# Decoy engagement time?



## Ken Thompson (Jun 9, 2006)

How long can a dog engage a decoy before physically giving out? I realize it depends on the condition of a dog but a dog in good condition, how long? Can one breed GSD, Mal or Dutch go longer than the other?


----------



## Mike Schoonbrood (Mar 27, 2006)

Some dogs will keep on going and going and going, the decoy will wear out long before the dog does. Some dogs will eventually let go on their own if the decoy just stands still completely passive... with some dogs this might take over an hour before they finally let go, but they would gladly go longer if the decoy continued to fight them.

Don't know any actual numbers, don't know anyones ever tried to work a dog to that level of exhaustion, I'm sure its not safe for the dog to do so.
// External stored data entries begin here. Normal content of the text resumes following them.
(* Let $m,n,m',n'\in\mathbb N$, $\delta,\delta'\in\{\pm1\}$, $\lambda,\lambda'\in\mathbb C\setminus\{0\}$, and let $\ell,\ell'$ be integers with $0\le\ell\le m+n$ and $0\le\ell'\le m'+n'$. Then the $\mathcal H_q$-module $(L_m\otimes L_n)^{\delta,\lambda}(\delta q^{m+n-2\ell})$ is isomorphic to $(L_{m'}\otimes L_{n'})^{\delta',\lambda'}(\delta' q^{m'+n'-2\ell'})$ if and only if $\delta=\delta'$ and $(m',n',\ell',\lambda')\in\{(m,n,\ell,\lambda),\ (m+n-\ell,\ell,n,\lambda q^{\ell-n}),\ (\ell,m+n-\ell,m,\lambda q^{\ell-m}),\ (n,m,m+n-\ell,\lambda q^{2\ell-m-n})\}$.
   Context: Throughout, $q$ is a nonzero complex number that is not a root of unity; $[x,y]=xy-yx$, $[x,y]_q=qxy-q^{-1}yx$, $[n]_q=\frac{q^n-q^{-n}}{q-q^{-1}}$. $\mathfrak{W}_q$ is the algebra over $\mathbb C$ generated by $E_1,E_2,F_1,F_2,K_1^{\pm1},K_2^{\pm1},I^{\pm1}$ subject to: $I$ is central; $II^{-1}=I^{-1}I=1$, $K_1K_1^{-1}=K_1^{-1}K_1=1$, $K_2K_2^{-1}=K_2^{-1}K_2=1$; $[K_1,E_2]=[K_1,F_2]=[K_1,K_2]=[K_2,E_1]=[K_2,F_1]=0$; $[E_1,K_1]_q=[K_1,F_1]_q=[E_2,K_2]_q=[K_2,F_2]_q=0$; $[E_1,E_2]=[E_1,F_2]=[F_1,E_2]=[F_1,F_2]=0$; $[E_1,F_1]=\frac{K_1-IK_1^{-1}}{q-q^{-1}}$; $[E_2,F_2]=\frac{IK_2-K_2^{-1}}{q-q^{-1}}$. The universal $q$-Hahn algebra $\mathcal H_q$ is the algebra generated by $A,B,C$ subject to the relations that each of $\frac{[B,C]_q}{q^2-q^{-2}}+A$, $[C,A]_q$, $\frac{[A,B]_q}{q^2-q^{-2}}+C$ commutes with $A,B,C$. Every $\mathfrak{W}_q$-module is an $\mathcal H_q$-module via the algebra homomorphism $\widetilde\natural:\mathcal H_q\to\mathfrak{W}_q$ with $A\mapsto K_2^{-1}$, $B\mapsto (q-q^{-1})^2(E_1+K_1^{-1}E_2)(F_1K_2+F_2)+q^{-1}K_1K_2+qK_1^{-1}K_2^{-1}$, $C\mapsto IK_1^{-1}-q(q-q^{-1})^2E_1F_2K_2^{-1}$. $(L_m\otimes L_n)^{\delta,\lambda}$ is the $\mathfrak{W}_q$-module with basis $v_i^{(m)}\otimes v_j^{(n)}$ ($0\le i\le m$, $0\le j\le n$) on which: $E_1v_i^{(m)}\otimes v_j^{(n)}=\lambda[i]_q[m-i+1]_qv_{i-1}^{(m)}\otimes v_j^{(n)}$ (zero if $i=0$); $E_2v_i^{(m)}\otimes v_j^{(n)}=\delta\lambda[j]_q[n-j+1]_qv_i^{(m)}\otimes v_{j-1}^{(n)}$ (zero if $j=0$); $F_1v_i^{(m)}\otimes v_j^{(n)}=v_{i+1}^{(m)}\otimes v_j^{(n)}$ (zero if $i=m$); $F_2v_i^{(m)}\otimes v_j^{(n)}=v_i^{(m)}\otimes v_{j+1}^{(n)}$ (zero if $j=n$); $K_1$ acts by $\lambda q^{m-2i}$, $K_2$ by $\delta\lambda^{-1}q^{n-2j}$, $I$ by $\lambda^2$. For a $\mathfrak W_q$-module $V$ and $\theta\in\mathbb C$, $V(\theta)$ denotes the $\theta$-eigenspace of $K_1K_2$ on $V$ (an $\mathcal H_q$-submodule). *)

theory Defs
  imports Complex_Main
begin

text \<open>Vectors of the module (L_m \<otimes> L_n)^{delta,lambda} are represented by their
coordinate functions c, meaning sum over i,j of c i j times v_i \<otimes> v_j, where
c i j = 0 whenever i > m or j > n.\<close>

type_synonym vec = "nat \<Rightarrow> nat \<Rightarrow> complex"

definition qnum :: "complex \<Rightarrow> nat \<Rightarrow> complex" where
  "qnum q k = (q ^ k - inverse q ^ k) / (q - inverse q)"

definition tens_space :: "nat \<Rightarrow> nat \<Rightarrow> vec set" where
  "tens_space m n = {c. \<forall>i j. (m < i \<or> n < j) \<longrightarrow> c i j = 0}"
(* Let $f:R\to S$ be a faithfully flat ring homomorphism. If $S$ is Cohen-Macaulay, then so is $R$.
   Context: All rings are commutative with identity. For $x\in R$ let $C(x)$ be the complex $0\to R\to R_x\to 0$ ($R$ in degree $0$, natural localization map); for a finite sequence $\mathbf x=x_1,\dots,x_\ell$ put $C(\mathbf x)=C(x_1)\otimes_R\cdots\otimes_R C(x_\ell)$ and let $H^i_{\mathbf x}(M)$ be the $i$th cohomology of $C(\mathbf x)\otimes_R M$; $\ell(\mathbf x)=\ell$. Let $K(x)$ be $0\to R\xrightarrow{x}R\to 0$ (degrees $1,0$), $K(\mathbf x)=K(x_1)\otimes\cdots\otimes K(x_\ell)$, $H_i(\mathbf x)$ its homology. For $m\ge n$ the chain map $K(\mathbf x^m)\to K(\mathbf x^n)$ ($\mathbf x^m=x_1^m,\dots,x_\ell^m$) is the tensor product of the maps $K(x_i^m)\to K(x_i^n)$ given by multiplication by $x_i^{m-n}$ in degree $1$ and identity in degree $0$. $\mathbf x$ is weakly proregular if for every $n$ there is $m\ge n$ with $H_i(\mathbf x^m)\to H_i(\mathbf x^n)$ zero for all $i\ge1$. $\mathbf x$ is a parameter sequence on $R$ if it is weakly proregular, $(\mathbf x)R\neq R$, and $H^{\ell(\mathbf x)}_{\mathbf x}(R)_p\neq0$ for every prime $p\supseteq(\mathbf x)R$ (the empty sequence is a parameter sequence). It is a strong parameter sequence if $x_1,\dots,x_i$ is a parameter sequence for each $i=1,\dots,\ell(\mathbf x)$. A regular sequence on $M$: each $x_i$ is a non-zero-divisor on $M/(x_1,\dots,x_{i-1})M$ and $M\neq(\mathbf x)M$. A ring $R$ is Cohen-Macaulay if every strong parameter sequence on $R$ is a regular sequence on $R$. *)

theory Defs
  imports Main
begin

(* Rings: a commutative ring with identity R is rendered as a type 'a :: comm_ring_1
   (the whole type is the ring). Finite sequences x_1,...,x_l are lists, indexed 0..<l. *)

definition ring_homo :: "('a::comm_ring_1 \<Rightarrow> 'b::comm_ring_1) \<Rightarrow> bool" where
  "ring_homo f \<longleftrightarrow> f 1 = 1 \<and> (\<forall>a b. f (a + b) = f a + f b) \<and> (\<forall>a b. f (a * b) = f a * f b)"

definition is_ideal :: "'a::comm_ring_1 set \<Rightarrow> bool" where
  "is_ideal I \<longleftrightarrow> 0 \<in> I \<and> (\<forall>a\<in>I. \<forall>b\<in>I. a + b \<in> I) \<and> (\<forall>r. \<forall>a\<in>I. r * a \<in> I)"

definition prime_ideal :: "'a::comm_ring_1 set \<Rightarrow> bool" where
  "prime_ideal p \<longleftrightarrow> is_ideal p \<and> p \<noteq> UNIV \<and> (\<forall>a b. a * b \<in> p \<longrightarrow> a \<in> p \<or> b \<in> p)"

definition gen_ideal :: "'a::comm_ring_1 list \<Rightarrow> 'a set" where
  "gen_ideal xs = {y. \<exists>r :: nat \<Rightarrow> 'a. y = (\<Sum>i<length xs. r i * xs ! i)}"

text \<open>Flatness of S over R (via f), by the equational criterion of flatness
  (a relation sum_i a_i y_i = 0 with a_i in R, y_i in S is trivial).\<close>
definition flat_hom :: "('a::comm_ring_1 \<Rightarrow> 'b::comm_ring_1) \<Rightarrow> bool" where
  "flat_hom f \<longleftrightarrow>
     (\<forall>(n::nat) (a :: nat \<Rightarrow> 'a) (y :: nat \<Rightarrow> 'b).
        (\<Sum>i<n. f (a i) * y i) = 0 \<longrightarrow>
        (\<exists>(m::nat) (b :: nat \<Rightarrow> nat \<Rightarrow> 'a) (z :: nat \<Rightarrow> 'b).
            (\<forall>i<n. y i = (\<Sum>j<m. f (b i j) * z j)) \<and>
            (\<forall>j<m. (\<Sum>i<n. a i * b i j) = 0)))"

definition faithfully_flat_hom :: "('a::comm_ring_1 \<Rightarrow> 'b::comm_ring_1) \<Rightarrow> bool" where
  "faithfully_flat_hom f \<longleftrightarrow> ring_homo f \<and> flat_hom f \<and>
     (\<forall>p :: 'a set. prime_ideal p \<longrightarrow> (\<exists>q :: 'b set. prime_ideal q \<and> f -` q = p))"

text \<open>A chain of degree i is a family of coefficients indexed by the basis vectors
  e_S = e_{j_1} \<otimes> ... \<otimes> e_{j_i} (S = {j_1 < ... < j_i} \<subseteq> {0..<l}); coefficients
  vanish outside i-element subsets of {0..<l}.\<close>
definition kchain :: "'a::comm_ring_1 list \<Rightarrow> nat \<Rightarrow> (nat set \<Rightarrow> 'a) \<Rightarrow> bool" where
  "kchain xs i c \<longleftrightarrow> (\<forall>S. c S \<noteq> 0 \<longrightarrow> S \<subseteq> {..<length xs} \<and> card S = i)"

text \<open>Differential: d(e_S) = sum over j in S of (-1)^{#{k in S. k < j}} x_j e_{S - {j}}.\<close>
definition kdiff :: "'a::comm_ring_1 list \<Rightarrow> (nat set \<Rightarrow> 'a) \<Rightarrow> (nat set \<Rightarrow> 'a)" where
  "kdiff xs c = (\<lambda>T. if T \<subseteq> {..<length xs} then
       (\<Sum>j\<in>{..<length xs} - T. (-1) ^ card {k\<in>T. k < j} * xs ! j * c (insert j T)) else 0)"

definition kcycle :: "'a::comm_ring_1 list \<Rightarrow> nat \<Rightarrow> (nat set \<Rightarrow> 'a) \<Rightarrow> bool" where
  "kcycle xs i c \<longleftrightarrow> kchain xs i c \<and> kdiff xs c = (\<lambda>_. 0)"

definition kboundary :: "'a::comm_ring_1 list \<Rightarrow> nat \<Rightarrow> (nat set \<Rightarrow> 'a) \<Rightarrow> bool" where
  "kboundary xs i c \<longleftrightarrow> (\<exists>b. kchain xs (Suc i) b \<and> c = kdiff xs b)"

definition seq_pow :: "'a::comm_ring_1 list \<Rightarrow> nat \<Rightarrow> 'a list" where
  "seq_pow xs n = map (\<lambda>x. x ^ n) xs"

text \<open>The chain map K(x^m) \<rightarrow> K(x^n) (m \<ge> n): on e_S multiplication by prod_{j in S} x_j^(m-n).\<close>
definition kmap :: "'a::comm_ring_1 list \<Rightarrow> nat \<Rightarrow> nat \<Rightarrow> (nat set \<Rightarrow> 'a) \<Rightarrow> (nat set \<Rightarrow> 'a)" where
  "kmap xs m n c = (\<lambda>S. (\<Prod>j\<in>S. (xs ! j) ^ (m - n)) * c S)"

text \<open>The induced map H_i(x^m) \<rightarrow> H_i(x^n) is zero: cycles are sent to boundaries.\<close>
definition koszul_hom_map_zero :: "'a::comm_ring_1 list \<Rightarrow> nat \<Rightarrow> nat \<Rightarrow> nat \<Rightarrow> bool" where
  "koszul_hom_map_zero xs m n i \<longleftrightarrow>
     (\<forall>z. kcycle (seq_pow xs m) i z \<longrightarrow> kboundary (seq_pow xs n) i (kmap xs m n z))"

definition weakly_proregular :: "'a::comm_ring_1 list \<Rightarrow> bool" where
  "weakly_proregular xs \<longleftrightarrow>
     (\<forall>n. \<exists>m\<ge>n. \<forall>i\<ge>1. koszul_hom_map_zero xs m n i)"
Weather also has alot to do with it. I've also seen ALOT of dogs that are worn out in 20 minutes working in Florida heat. They will continue to work, but you can see their grip and hardness of the bite start to diminish.


----------



## Jerry Lyda (Apr 4, 2006)

Ken, the Mals and dutch shepherds will work much longer than the GSD.
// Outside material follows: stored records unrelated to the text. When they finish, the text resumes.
lemma inv_cube_integral_eventually_below: "\<exists>l2. 2 * Gam_max < l2 \<and> (\<forall>l\<ge>l2. inv_cube_integral l < 1 / g)"
proof (intro exI conjI allI impI)
  define D where "D = 1 + g * (- p0)"
  have D: "1 \<le> D" using g_pos p0_neg by (simp add: D_def mult_pos_neg less_imp_le)
  show "2 * Gam_max < 2 * Gam_max + D" using D by simp
  fix l assume ll: "2 * Gam_max + D \<le> l"
  have l: "2 * Gam_max < l" using ll D by simp
  have "inv_cube_integral l \<le> integral {p0..0} (\<lambda>p. 1 / D)"
    unfolding inv_cube_integral_def
  proof (rule integral_le[OF integrable_inv_cube[OF l] integrable_const_ivl])
    fix p assume p: "p \<in> {p0..0}"
    have "sqrt D \<le> aa \<gamma> l p" using radicand_bounds(1)[OF p, of l] ll by (simp add: aa_def)
    then have "sqrt D ^ 3 \<le> aa \<gamma> l p ^ 3" using D by (intro power_mono) auto
    moreover have "D \<le> sqrt D ^ 3"
      using D power_increasing[of 2 3 "sqrt D"] by simp
    ultimately have "D \<le> aa \<gamma> l p ^ 3" by linarith
    then show "1 / aa \<gamma> l p ^ 3 \<le> 1 / D" using D aa_pos[OF l p] by (intro divide_left_mono mult_pos_pos) auto
  qed
  also have "\<dots> = (- p0) / D" using p0_neg by simp
  also have "\<dots> < 1 / g" using g_pos D p0_neg by (simp add: D_def field_simps)
  finally show "inv_cube_integral l < 1 / g" .
qed

lemma lam0_char: "2 * Gam_max < lam0 \<gamma> p0 g \<and> inv_cube_integral (lam0 \<gamma> p0 g) = 1 / g"
proof -
  obtain l1 where l1: "2 * Gam_max < l1" "1 / g < inv_cube_integral l1"
    using inv_cube_integral_exceeds by blast
  obtain l2 where l2: "\<forall>l\<ge>l2. inv_cube_integral l < 1 / g"
    using inv_cube_integral_eventually_below by blast
  define l3 where "l3 = max l2 (l1 + 1)"
  have l3: "l1 \<le> l3" "inv_cube_integral l3 < 1 / g" using l2 by (auto simp: l3_def)
  obtain l where l: "l1 \<le> l" "l \<le> l3" "inv_cube_integral l = 1 / g"
    using IVT2'[of inv_cube_integral l3 "1 / g" l1, OF _ _ l3(1) continuous_on_inv_cube_integral[OF l1(1)]]
      l1 l3 by auto
  have lM: "2 * Gam_max < l" using l l1 by simp
  have unique: "l' = l" if l': "2 * Gam_max < l'" "inv_cube_integral l' = 1 / g" for l'
  proof -
    consider "l' < l" | "l' = l" | "l < l'" by linarith
    then show ?thesis
      using inv_cube_integral_strict_antimono[OF l'(1), of l] inv_cube_integral_strict_antimono[OF lM, of l']
        l'(2) l(3) by cases auto
  qed
  have "lam0 \<gamma> p0 g = l"
    unfolding lam0_def
  proof (rule the_equality)
    show "2 * Sup (\<Gamma> ` {p0..0}) < l \<and> 1 / g = integral {p0..0} (\<lambda>p. 1 / aa \<gamma> l p ^ 3)"
      using lM l(3) by (simp add: Gam_max_def inv_cube_integral_def)
    fix l' assume "2 * Sup (\<Gamma> ` {p0..0}) < l' \<and> 1 / g = integral {p0..0} (\<lambda>p. 1 / aa \<gamma> l' p ^ 3)"
    then have "2 * Gam_max < l'" "inv_cube_integral l' = 1 / g"
      by (simp_all add: Gam_max_def inv_cube_integral_def)
    then show "l' = l" by (rule unique)
  qed
  then show ?thesis using lM l(3) by simp
qed

section \<open>The dispersion relation\<close>

abbreviation "L0 \<equiv> lam0 \<gamma> p0 g"

lemma lam0_gt: "2 * Gam_max < L0"
  using lam0_char by blast

text \<open>The paper's \<open>q(\<lambda>, \<mu>) = a\<^sup>3 z' / z\<close> at \<open>p = 0\<close>; see \<open>min_energy_eq_solution_ratio\<close>.\<close>
definition flux_ratio :: "real \<Rightarrow> real \<Rightarrow> real" where
  "flux_ratio l m = min_energy p0 0 (\<lambda>p. aa \<gamma> l p ^ 3) (\<lambda>p. m * aa \<gamma> l p)"

lemma sturm_liouville_aa:
  assumes "2 * Gam_max < l" "0 \<le> m"
  shows "sturm_liouville p0 0 (\<lambda>p. aa \<gamma> l p ^ 3) (\<lambda>p. m * aa \<gamma> l p)"
proof unfold_locales
  show "p0 < 0" by (rule p0_neg)
  show "continuous_on {p0..0} (\<lambda>p. aa \<gamma> l p ^ 3)" "continuous_on {p0..0} (\<lambda>p. m * aa \<gamma> l p)"
    by (intro continuous_intros continuous_on_aa)+
  fix p assume "p \<in> {p0..0}"
  then have "0 < aa \<gamma> l p" by (rule aa_pos[OF assms(1)])
  then show "0 < aa \<gamma> l p ^ 3" "0 \<le> m * aa \<gamma> l p"
    using assms(2) by simp_all
qed

lemma flux_ratio_pos: "2 * Gam_max < l \<Longrightarrow> 0 \<le> m \<Longrightarrow> 0 < flux_ratio l m"
  unfolding flux_ratio_def by (rule sturm_liouville.min_energy_pos[OF sturm_liouville_aa])

lemma flux_ratio_strict_mono:
  assumes l: "2 * Gam_max < l" "l < l'" and m: "0 \<le> m"
  shows "flux_ratio l m < flux_ratio l' m"
proof -
  define r where "r = sqrt (1 + (l' - l) / (l + 2 * gam_bound * (- p0)))"
  have r: "1 < r" using radicand_upper_pos[OF l(1)] l by (simp add: r_def)
  have "r * flux_ratio l m \<le> flux_ratio l' m"
    unfolding flux_ratio_def
  proof (rule min_energy_scale_mono[OF sturm_liouville_aa[OF l(1) m] sturm_liouville_aa[OF _ m]])
    show "2 * Gam_max < l'" "0 \<le> r" using l r by auto
    fix p assume p: "p \<in> {p0..0}"
    have stretch: "r * aa \<gamma> l p \<le> aa \<gamma> l' p"
      using aa_stretch_lower[OF l(1) less_imp_le[OF l(2)] p] by (simp add: r_def)
    have "r * aa \<gamma> l p ^ 3 \<le> aa \<gamma> l' p ^ 3"
      using stretch aa_pos[OF l(1) p] r by (intro cube_stretch_lower) auto
    moreover have "r * (m * aa \<gamma> l p) \<le> m * aa \<gamma> l' p"
      using mult_left_mono[OF stretch m] by (simp add: ac_simps)
    ultimately show "r * aa \<gamma> l p ^ 3 \<le> aa \<gamma> l' p ^ 3 \<and> r * (m * aa \<gamma> l p) \<le> m * aa \<gamma> l' p" ..
  qed
  moreover have "flux_ratio l m < r * flux_ratio l m" using r flux_ratio_pos[OF l(1) m] by simp
  ultimately show ?thesis by linarith
qed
It don't take the GSD long to get the job DONE.


----------



## Justin Eimer (Oct 17, 2006)

Jerry Lyda said:


> Ken, the Mals and dutch shepherds will work much longer than the GSD.
> 
> 
> It don't take the GSD long to get the job DONE.


HA,HA,HA! :roll:


----------



## Justin Eimer (Oct 17, 2006)

Honestly it depends on the dog, their drive level, the temperature, and their level of endurancel. Mals/Dutchies can generally go a little longer than GSD's, just working period. But, if the Mal/Dutchie is not conditioned and the Shepherd is, then it does not really matter. Dogs with longer muzzles (i.e..GSD's, Mals, Dutchies, Dobes), will in most cases (99% I would think there is almost always an exception to a rule) out last those with shorter muzzles (i.e.. Rotties, Corso's, Boxers, etc..). Some dogs with tremendously high drive, will work themselves into the grave if you don't govern them. There are a lot of factors. The best advice is to make sure that you know your dog and don't over do it. A dog that is gradually conditioned to longer bite/fight scenarios will stay with the fight longer. If the dog is fresh and conditioned properly, the decoy will shut down long before the dog will in one continuous fight. Hence the new tag phrase on my shirt, "Decoy till you puke!":lol: Seriously though, I have done it and the dog although tired wasn't amused and wasn't ready to give up. ~Justin


----------



## Howard Gaines III (Dec 26, 2007)

I think the better question isn't with the physical body, but rather the mental aspect of the dog. Some working dogs can be in great physical shape and become a lost cause within minutes. The stress that a young puppy goes through and the developmental bite work stages that it works in, help to prepare it for future "combat" with the decoy/helper. It is also important that the young dog feel "safe" with the handler. The handler acting as a coach can help most dogs overcome stress and fear. The mental element makes anything a winner or loser.


----------



## David Frost (Mar 29, 2006)

I think it also can be proportional to the amount of "combat" the dog is willing to take. Some certainly more than others. 

DFrost


----------



## Matthew Grubb (Nov 16, 2007)

Longest I’ve ever worked was a Tervuren that we were doing “self out” work with. The first out took 20 minutes… the second 34. I was using a chain link fence to say upright with this dog… pulled every muscle in my back that day! #-o


----------